Blog
2022.06.03

[Report]7th Academic Frontier Lecture Series 2022

If human compassion is limited in scope, is a human society that is compassionate toward beings both within and beyond the boundaries of compassion realizable? If, moreover, this unsolvable aporia lies at the core of environmental ethics, how can the various discourses on this subject be relevant to the actual practices of environmental protection? Examining the ideas of Chinese thinkers such as Zhu Xi and Kang Youwei, Professor Yuki Tanaka (Institute for Advanced Studies on Asia) raised these questions at the seventh lecture in this year’s Academic Frontier Series, “The World of Coexistence with Beings of Different Genera: Environmental Ethics from the Perspective of Chinese Thought,” on May 30, 2022.

The intention behind approaching the topic “from the perspective of Chinese thought” was to challenge the problematic idea that anthropocentrism, as the ultimate cause of the environmental crisis, is something unique to the Western culture, and that we can look for examples that go beyond it in non-Western cultures, such as in China. In fact, as pointed out in the lecture, premodern China, too, had some unquestionably anthropocentric tendencies. How to combat human selfishness and achieve coexistence with the nonhuman is, therefore, a universal question that should be posed, and indeed has been posed, not only in specifically Western contexts, but also from within the tradition of Chinese thought.

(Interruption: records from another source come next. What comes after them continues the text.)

text \<open>Maximality is applied to \<open>H + \<int> y\<close>: if it contains \<open>1 = h + j y\<close>, then \<open>j\<close> is invertible
  in the prime field and \<open>y\<close> is congruent to an integer modulo \<open>H\<close>.\<close>
lemma maximal_one_free_subgroup_cosets:
  fixes H :: "'a::{field,finite} set"
  assumes H: "one_free_subgroup H"
    and maximal: "\<And>H'. one_free_subgroup H' \<Longrightarrow> H \<subseteq> H' \<Longrightarrow> H' = H"
  shows "\<exists>k. y - of_int k \<in> H"
proof (cases "1 \<in> {h + of_int j * y | h j. h \<in> H}")
  case False
  have mem: "h + of_int j * y \<in> {h + of_int j * y | h j. h \<in> H}" if "h \<in> H" for h j
    using that by blast
  then have "H \<subseteq> {h + of_int j * y | h j. h \<in> H}"
    using mem[of _ 0] by auto
  then have "{h + of_int j * y | h j. h \<in> H} = H"
    using maximal[OF one_free_subgroup_add_multiples[OF H False]] by blast
  moreover have "y \<in> {h + of_int j * y | h j. h \<in> H}"
    using mem[of 0 1] H by (simp add: one_free_subgroup_def)
  ultimately show ?thesis
    by (intro exI[of _ 0]) simp
next
  case True
  then obtain h j where hj: "1 = h + of_int j * y" "h \<in> H"
    by blast
  then have "(of_int j :: 'a) \<noteq> 0"
    using H by (auto simp: one_free_subgroup_def)
  define u where "u = j ^ (CARD('a) - 2)"
  have "of_int u = of_int u * (h + of_int j * y)"
    using hj(1) by simp
  also have "\<dots> = of_int u * h + (of_int u * of_int j) * y"
    by (simp add: algebra_simps)
  finally have "y - of_int u = - (of_int u * h)"
    using of_int_times_power_card_minus_two[OF \<open>of_int j \<noteq> 0\<close>] unfolding u_def
    by (simp add: algebra_simps)
  also have "\<dots> \<in> H"
    using H one_free_subgroup_of_int_mult[OF H hj(2)] by (simp add: one_free_subgroup_def)
  finally show ?thesis ..
qed

lemma exists_maximal_one_free_subgroup:
  "\<exists>H :: 'a::{ring_1,finite} set.
     one_free_subgroup H \<and> (\<forall>H'. one_free_subgroup H' \<longrightarrow> H \<subseteq> H' \<longrightarrow> H' = H)"
proof -
  have fin: "finite {H :: 'a set. one_free_subgroup H}"
    by simp
  have "{0} \<in> {H :: 'a set. one_free_subgroup H}"
    by (simp add: one_free_subgroup_def)
  then obtain H where "H \<in> {H :: 'a set. one_free_subgroup H}"
    and "\<forall>H' \<in> {H :: 'a set. one_free_subgroup H}. H \<subseteq> H' \<longrightarrow> H = H'"
    using finite_has_maximal[OF fin] by blast
  then show ?thesis
    by auto
qed

lemma cis_two_pi_div_cong:
  assumes "int p dvd k - l"
  shows "cis (2 * pi * k / p) = cis (2 * pi * l / p)"
proof (cases "p = 0")
  case False
  obtain m where "k = l + int p * m"
    using assms by (metis add_diff_cancel_left' diff_add_cancel dvd_def)
  then have "2 * pi * k / p = 2 * pi * l / p + 2 * pi * m"
    using False by (simp add: field_simps)
  then show ?thesis
    by (simp flip: cis_mult)
qed simp

lemma cis_two_pi_div_neq_1:
  fixes p :: nat
  assumes "p \<ge> 2"
  shows "cis (2 * pi / p) \<noteq> 1"
proof
  assume "cis (2 * pi / p) = 1"
  then have "cos (2 * pi / p) = 1"
    by (metis cis.sel(1) one_complex.sel(1))
  then obtain n :: int where "2 * pi / p = real_of_int n * 2 * pi"
    using cos_one_2pi_int by blast
  then have "real_of_int (int p * n) = 1"
    using assms by (simp add: field_simps)
  then have "int p * n = 1"
    by linarith
  then show False
    using assms pos_zmult_eq_1_iff[of "int p" n] by simp
qed

lemma cis_of_one_free_subgroup_cong:
  fixes H :: "'a::{field,finite} set"
  assumes "one_free_subgroup H" and "y - of_int k \<in> H" and "y - of_int l \<in> H"
  shows "cis (2 * pi * k / CHAR('a)) = cis (2 * pi * l / CHAR('a))"
proof -
  have "(y - of_int l) + - (y - of_int k) \<in> H"
    using assms unfolding one_free_subgroup_def by blast
  then have "(of_int (k - l) :: 'a) \<in> H"
    by (simp add: algebra_simps)
  then have "(of_int (k - l) :: 'a) = 0"
    using of_int_mem_one_free_subgroup_iff[OF assms(1)] by blast
  then have "int CHAR('a) dvd k - l"
    by (simp only: of_int_eq_0_iff_char_dvd)
  then show ?thesis
    by (rule cis_two_pi_div_cong)
qed

text \<open>A maximal subgroup \<open>H\<close> avoiding \<open>1\<close> is a complement of the prime field, so \<open>y \<mapsto> k\<close>
  for \<open>y \<in> of_int k + H\<close> is a well-defined homomorphism onto \<open>\<int>/p\<close>.\<close>
theorem additive_character_exists:
  "\<exists>psi :: 'a::{field,finite} \<Rightarrow> complex.
     (\<forall>a b. psi (a + b) = psi a * psi b) \<and> (\<forall>a. norm (psi a) = 1) \<and> psi 1 \<noteq> 1"
proof -
  obtain H :: "'a set" where H: "one_free_subgroup H"
    and maximal: "\<And>H'. one_free_subgroup H' \<Longrightarrow> H \<subseteq> H' \<Longrightarrow> H' = H"
    using exists_maximal_one_free_subgroup by blast
  define index where "index y = (SOME k. y - of_int k \<in> H)" for y
  have index: "y - of_int (index y) \<in> H" for y
    unfolding index_def using maximal_one_free_subgroup_cosets[OF H maximal] by (rule someI_ex)
  define psi where "psi y = cis (2 * pi * index y / CHAR('a))" for y
  have psi_eq: "psi y = cis (2 * pi * k / CHAR('a))" if "y - of_int k \<in> H" for y k
    unfolding psi_def using cis_of_one_free_subgroup_cong[OF H index that] .
  have add: "psi (a + b) = psi a * psi b" for a b
  proof -
    have "(a + b) - of_int (index a + index b) = (a - of_int (index a)) + (b - of_int (index b))"
      by simp
    also have "\<dots> \<in> H"
      using H index unfolding one_free_subgroup_def by blast
    finally have "psi (a + b) = cis (2 * pi * (index a + index b) / CHAR('a))"
      by (rule psi_eq)
    then show ?thesis
      by (simp add: psi_def cis_mult add_divide_distrib distrib_left)
  qed
  have "CHAR('a) > 0"
    by (rule finite_imp_CHAR_pos) simp
  then have "CHAR('a) \<ge> 2"
    using CHAR_not_1[where 'a='a] by linarith
  then have "psi 1 \<noteq> 1"
    using psi_eq[of 1 1] H cis_two_pi_div_neq_1 by (simp add: one_free_subgroup_def)
  with add show ?thesis
    by (intro exI[of _ psi]) (simp add: psi_def)
qed

section \<open>Gauss sums\<close>

definition chi :: "'a::field \<Rightarrow> complex" where
  "chi u = of_int (qchar u)"

locale additive_character =
  fixes psi :: "'a::{field,finite} \<Rightarrow> complex"
  assumes psi_add: "psi (a + b) = psi a * psi b"
    and norm_psi: "norm (psi a) = 1"
    and psi_1_neq_1: "psi 1 \<noteq> 1"
begin

definition gauss_sum :: complex where
  "gauss_sum = (\<Sum>u\<in>UNIV. chi u * psi u)"

lemma psi_0 [simp]: "psi 0 = 1"
proof -
  have "psi 0 * psi 0 = psi 0 * 1" "psi 0 \<noteq> 0"
    using psi_add[of 0 0] norm_psi[of 0] by auto
  then show ?thesis
    by (metis mult_left_cancel)
qed

lemma psi_minus: "psi (- a) = cnj (psi a)"
proof -
  have "psi a * psi (- a) = psi a * cnj (psi a)"
    using psi_add[of a "- a"] complex_norm_square[of "psi a"] norm_psi[of a] by simp
  moreover have "psi a \<noteq> 0"
    using norm_psi[of a] by auto
  ultimately show ?thesis
    by simp
qed

lemma psi_diff: "psi (a - b) = psi a * cnj (psi b)"
  using psi_add[of a "- b"] psi_minus[of b] by simp

lemma psi_sum: "psi (sum f S) = (\<Prod>i\<in>S. psi (f i))"
  by (induction S rule: infinite_finite_induct) (auto simp: psi_add)

lemma sum_psi_mult: "(\<Sum>t\<in>UNIV. psi (a * t)) = (if a = 0 then of_nat CARD('a) else 0)"
proof (cases "a = 0")
  case False
  have "(\<Sum>t\<in>UNIV. psi (a * t)) = (\<Sum>t\<in>UNIV. psi t)"
    by (rule sum.reindex_bij_witness[of _ "\<lambda>t. t / a" "\<lambda>t. a * t"]) (use False in auto)
  moreover have "psi 1 * (\<Sum>t\<in>UNIV. psi t) = (\<Sum>t\<in>UNIV. psi t)"
  proof -
    have "psi 1 * (\<Sum>t\<in>UNIV. psi t) = (\<Sum>t\<in>UNIV. psi (1 + t))"
      by (simp add: sum_distrib_left psi_add)
    also have "\<dots> = (\<Sum>t\<in>UNIV. psi t)"
      by (rule sum.reindex_bij_witness[of _ "\<lambda>t. t - 1" "\<lambda>t. 1 + t"]) auto
    finally show ?thesis .
  qed
  ultimately show ?thesis
    using False psi_1_neq_1 by auto
qed simp

lemma sum_psi_mult': "(\<Sum>t\<in>UNIV. psi (t * a)) = (if a = 0 then of_nat CARD('a) else 0)"
  using sum_psi_mult[of a] by (simp add: mult.commute)

end

locale odd_additive_character = additive_character psi for psi :: "'a::{field,finite} \<Rightarrow> complex" +
  assumes odd_card: "odd CARD('a)"
begin

lemma two_neq_0: "(2::'a) \<noteq> 0"
  by (rule two_neq_zero_if_odd_card[OF odd_card])

lemma four_neq_0: "(4::'a) \<noteq> 0"
  using two_neq_0 mult_eq_0_iff[of "2::'a" 2] by simp

lemma chi_mult: "chi (u * v :: 'a) = chi u * chi v"
  by (simp add: chi_def qchar_mult[OF odd_card])

lemma chi_0 [simp]: "chi (0::'a) = 0"
  by (simp add: chi_def)

lemma chi_1 [simp]: "chi (1::'a) = 1"
  using qchar_square[of "1::'a"] by (simp add: chi_def)

lemma chi_inverse: "chi (inverse u :: 'a) = chi u"
  by (simp add: chi_def qchar_inverse[OF odd_card])

lemma chi_square_mult: "t \<noteq> 0 \<Longrightarrow> chi (t^2 * u :: 'a) = chi u"
  by (simp add: chi_def qchar_square_mult[OF odd_card])

lemma chi_times_self: "u \<noteq> (0::'a) \<Longrightarrow> chi u * chi u = 1"
  unfolding chi_def using qchar_times_self[of u] by (metis of_int_1 of_int_mult)

lemma chi_minus: "chi (- u :: 'a) = chi (-1::'a) * chi u"
  using chi_mult[of "-1" u] by simp

lemma sum_chi: "(\<Sum>u\<in>UNIV. chi (u::'a)) = 0"
  using sum_qchar[OF odd_card] unfolding chi_def by (metis of_int_0 of_int_sum)

lemma sum_chi_psi_mult: "(\<Sum>s\<in>UNIV. chi s * psi (s * c)) = chi c * gauss_sum"
proof (cases "c = 0")
  case False
  have "(\<Sum>s\<in>UNIV. chi s * psi (s * c)) = (\<Sum>u\<in>UNIV. chi (u * inverse c) * psi u)"
    by (rule sum.reindex_bij_witness[of _ "\<lambda>u. u * inverse c" "\<lambda>s. s * c"])
      (use False in \<open>auto simp: mult.assoc\<close>)
  also have "\<dots> = (\<Sum>u\<in>UNIV. chi c * (chi u * psi u))"
    by (simp add: chi_mult chi_inverse mult_ac)
  finally show ?thesis
    by (simp add: gauss_sum_def sum_distrib_left)
qed (simp add: sum_chi flip: sum_distrib_right)

lemma sum_psi_square_mult:
  assumes "c \<noteq> 0"
  shows "(\<Sum>t\<in>UNIV. psi (c * t^2)) = chi c * gauss_sum"
proof -
  have "(\<Sum>t\<in>UNIV. psi (c * t^2)) = (\<Sum>u\<in>UNIV. of_nat (card {x::'a. x^2 = u}) * psi (c * u))"
    by (rule sum_square_fibres)
  also have "\<dots> = (\<Sum>u\<in>UNIV. psi (c * u) + chi u * psi (u * c))"
  proof (rule sum.cong [OF refl])
    fix u :: 'a
    have "(of_nat (card {x::'a. x^2 = u}) :: complex) = of_int (int (card {x::'a. x^2 = u}))"
      by simp
    also have "\<dots> = 1 + chi u"
      by (simp add: card_square_roots[OF odd_card] chi_def)
    finally show "of_nat (card {x::'a. x^2 = u}) * psi (c * u) = psi (c * u) + chi u * psi (u * c)"
      by (simp add: algebra_simps)
  qed
  also have "\<dots> = chi c * gauss_sum"
    using assms by (simp add: sum.distrib sum_psi_mult sum_chi_psi_mult)
  finally show ?thesis .
qed

text \<open>The substitution \<open>(x, y) \<mapsto> (x + y, x - y)\<close>, invertible since \<open>2 \<noteq> 0\<close>, turns
  \<open>\<Sum> psi(x\<^sup>2 - y\<^sup>2)\<close> into \<open>\<Sum> psi(a b) = q\<close>.\<close>
lemma gauss_sum_square: "gauss_sum * gauss_sum = chi (-1::'a) * of_nat CARD('a)"
proof -
  have "gauss_sum * (chi (-1::'a) * gauss_sum) = (\<Sum>x\<in>UNIV. psi (x^2)) * (\<Sum>y\<in>UNIV. psi (- (y^2)))"
    using sum_psi_square_mult[of 1] sum_psi_square_mult[of "-1"] by simp
  also have "\<dots> = (\<Sum>x\<in>UNIV. \<Sum>y\<in>UNIV. psi ((x + y) * (x - y)))"
    by (simp add: sum_product psi_add[symmetric] algebra_simps power2_eq_square)
  also have "\<dots> = (\<Sum>(x, y)\<in>UNIV. psi ((x + y) * (x - y)))"
    by (simp add: sum.cartesian_product)
  also have "\<dots> = (\<Sum>(a, b)\<in>UNIV. psi (a * b))"
    by (rule sum.reindex_bij_witness[of _ "\<lambda>(a, b). ((a + b) / 2, (a - b) / 2)" "\<lambda>(x, y). (x + y, x - y)"])
      (use two_neq_0 four_neq_0 in \<open>auto simp: field_simps\<close>)
  also have "\<dots> = (\<Sum>a\<in>UNIV. \<Sum>b\<in>UNIV. psi (a * b))"
    by (simp add: sum.cartesian_product)
  also have "\<dots> = of_nat CARD('a)"
    by (simp add: sum_psi_mult)
  finally have "chi (-1::'a) * (gauss_sum * (chi (-1::'a) * gauss_sum)) = chi (-1::'a) * of_nat CARD('a)"
    by simp
  then show ?thesis
    using chi_times_self[of "-1"] by (simp add: mult_ac)
qed

lemma gauss_sum_neq_0: "gauss_sum \<noteq> 0"
  using gauss_sum_square chi_times_self[of "-1"] by auto

end

section \<open>Fourier analysis on \<open>\<bbbF>\<^sub>q\<^sup>d\<close>\<close>

definition dotp :: "'a::field ^ 'n \<Rightarrow> 'a ^ 'n \<Rightarrow> 'a" where
  "dotp m v = (\<Sum>i\<in>UNIV. m $ i * v $ i)"

definition sqnorm :: "'a::field ^ 'n \<Rightarrow> 'a" where
  "sqnorm v = (\<Sum>i\<in>UNIV. (v $ i)^2)"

Are theories of ethics really helpful for making people ethical? Before attempting to answer this grave question Professor Tanaka raised at the end of the lecture, it might be important to ask whether this is the right question to pose. In the first place, humans do not necessarily feel encouraged to live an ethical life simply by learning about a certain ethical doctrine. The better question to pose, then, might be this: In what kind of situation do we feel the need to have a theory of ethics rather than just doing what seems to be right in each particular context? In what kind of occasion, for example, do we refer to anthropocentrism as a concept and word, and how does this word function? Examining the interplay of practice and theory, explicitly verbalized or not, could itself be part of the meta-ethical inquiry into the society of “coexistence,” which obviously cannot be achieved fully by a single, elegant ethical theory.